• The records:

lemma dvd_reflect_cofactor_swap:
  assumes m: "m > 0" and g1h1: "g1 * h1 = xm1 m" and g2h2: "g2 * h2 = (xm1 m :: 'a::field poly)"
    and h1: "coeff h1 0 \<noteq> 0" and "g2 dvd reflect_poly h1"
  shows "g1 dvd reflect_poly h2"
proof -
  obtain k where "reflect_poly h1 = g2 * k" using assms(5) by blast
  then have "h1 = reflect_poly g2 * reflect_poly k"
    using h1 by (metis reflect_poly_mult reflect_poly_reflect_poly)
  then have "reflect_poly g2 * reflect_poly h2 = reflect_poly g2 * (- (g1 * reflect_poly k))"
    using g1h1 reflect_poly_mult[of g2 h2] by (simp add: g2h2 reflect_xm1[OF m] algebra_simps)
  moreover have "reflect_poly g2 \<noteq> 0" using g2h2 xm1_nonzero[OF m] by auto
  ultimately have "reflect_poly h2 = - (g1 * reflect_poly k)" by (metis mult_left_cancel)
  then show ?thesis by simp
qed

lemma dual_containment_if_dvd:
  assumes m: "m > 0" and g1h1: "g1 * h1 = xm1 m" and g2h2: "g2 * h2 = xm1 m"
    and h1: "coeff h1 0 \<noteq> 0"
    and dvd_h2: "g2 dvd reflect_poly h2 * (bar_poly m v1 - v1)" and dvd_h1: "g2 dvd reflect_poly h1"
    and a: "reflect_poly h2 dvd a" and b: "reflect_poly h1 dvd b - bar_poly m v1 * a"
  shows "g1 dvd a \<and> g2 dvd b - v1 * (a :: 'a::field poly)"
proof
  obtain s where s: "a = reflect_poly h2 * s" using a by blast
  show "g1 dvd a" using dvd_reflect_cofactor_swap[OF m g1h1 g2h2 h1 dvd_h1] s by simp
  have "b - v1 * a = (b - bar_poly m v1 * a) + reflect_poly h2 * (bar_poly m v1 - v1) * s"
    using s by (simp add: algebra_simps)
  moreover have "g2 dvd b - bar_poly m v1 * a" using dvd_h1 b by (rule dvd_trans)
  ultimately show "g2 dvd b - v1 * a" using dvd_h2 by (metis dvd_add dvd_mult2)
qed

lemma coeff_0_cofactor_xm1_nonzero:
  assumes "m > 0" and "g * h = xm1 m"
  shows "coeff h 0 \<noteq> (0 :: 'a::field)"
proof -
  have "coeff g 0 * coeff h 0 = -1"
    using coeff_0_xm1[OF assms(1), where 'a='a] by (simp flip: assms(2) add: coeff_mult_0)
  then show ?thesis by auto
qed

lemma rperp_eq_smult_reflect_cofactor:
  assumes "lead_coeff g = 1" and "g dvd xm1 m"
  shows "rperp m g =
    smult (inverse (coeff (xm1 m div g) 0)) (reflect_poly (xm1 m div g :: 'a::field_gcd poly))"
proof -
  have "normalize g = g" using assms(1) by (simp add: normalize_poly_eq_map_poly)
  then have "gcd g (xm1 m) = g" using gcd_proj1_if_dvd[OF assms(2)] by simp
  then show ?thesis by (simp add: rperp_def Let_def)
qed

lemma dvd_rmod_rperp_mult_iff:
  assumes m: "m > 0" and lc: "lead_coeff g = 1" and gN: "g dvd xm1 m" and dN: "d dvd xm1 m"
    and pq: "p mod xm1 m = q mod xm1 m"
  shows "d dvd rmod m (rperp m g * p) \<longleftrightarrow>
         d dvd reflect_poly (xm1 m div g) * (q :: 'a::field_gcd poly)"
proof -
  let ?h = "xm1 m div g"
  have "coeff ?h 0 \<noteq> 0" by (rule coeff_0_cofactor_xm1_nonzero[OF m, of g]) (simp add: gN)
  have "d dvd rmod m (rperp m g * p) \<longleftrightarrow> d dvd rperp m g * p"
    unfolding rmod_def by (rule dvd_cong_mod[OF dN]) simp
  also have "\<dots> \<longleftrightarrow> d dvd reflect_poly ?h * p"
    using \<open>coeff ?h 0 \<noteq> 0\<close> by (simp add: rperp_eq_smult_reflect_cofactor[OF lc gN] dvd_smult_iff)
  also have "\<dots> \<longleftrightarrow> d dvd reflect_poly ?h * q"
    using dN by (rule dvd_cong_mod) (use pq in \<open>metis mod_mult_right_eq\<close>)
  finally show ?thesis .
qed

• Action item:
Return all lines from the data that include the string "where".

• Task response:
  obtain k where "reflect_poly h1 = g2 * k" using assms(5) by blast
  obtain s where s: "a = reflect_poly h2 * s" using a by blast
    using coeff_0_xm1[OF assms(1), where 'a='a] by (simp flip: assms(2) add: coeff_mult_0)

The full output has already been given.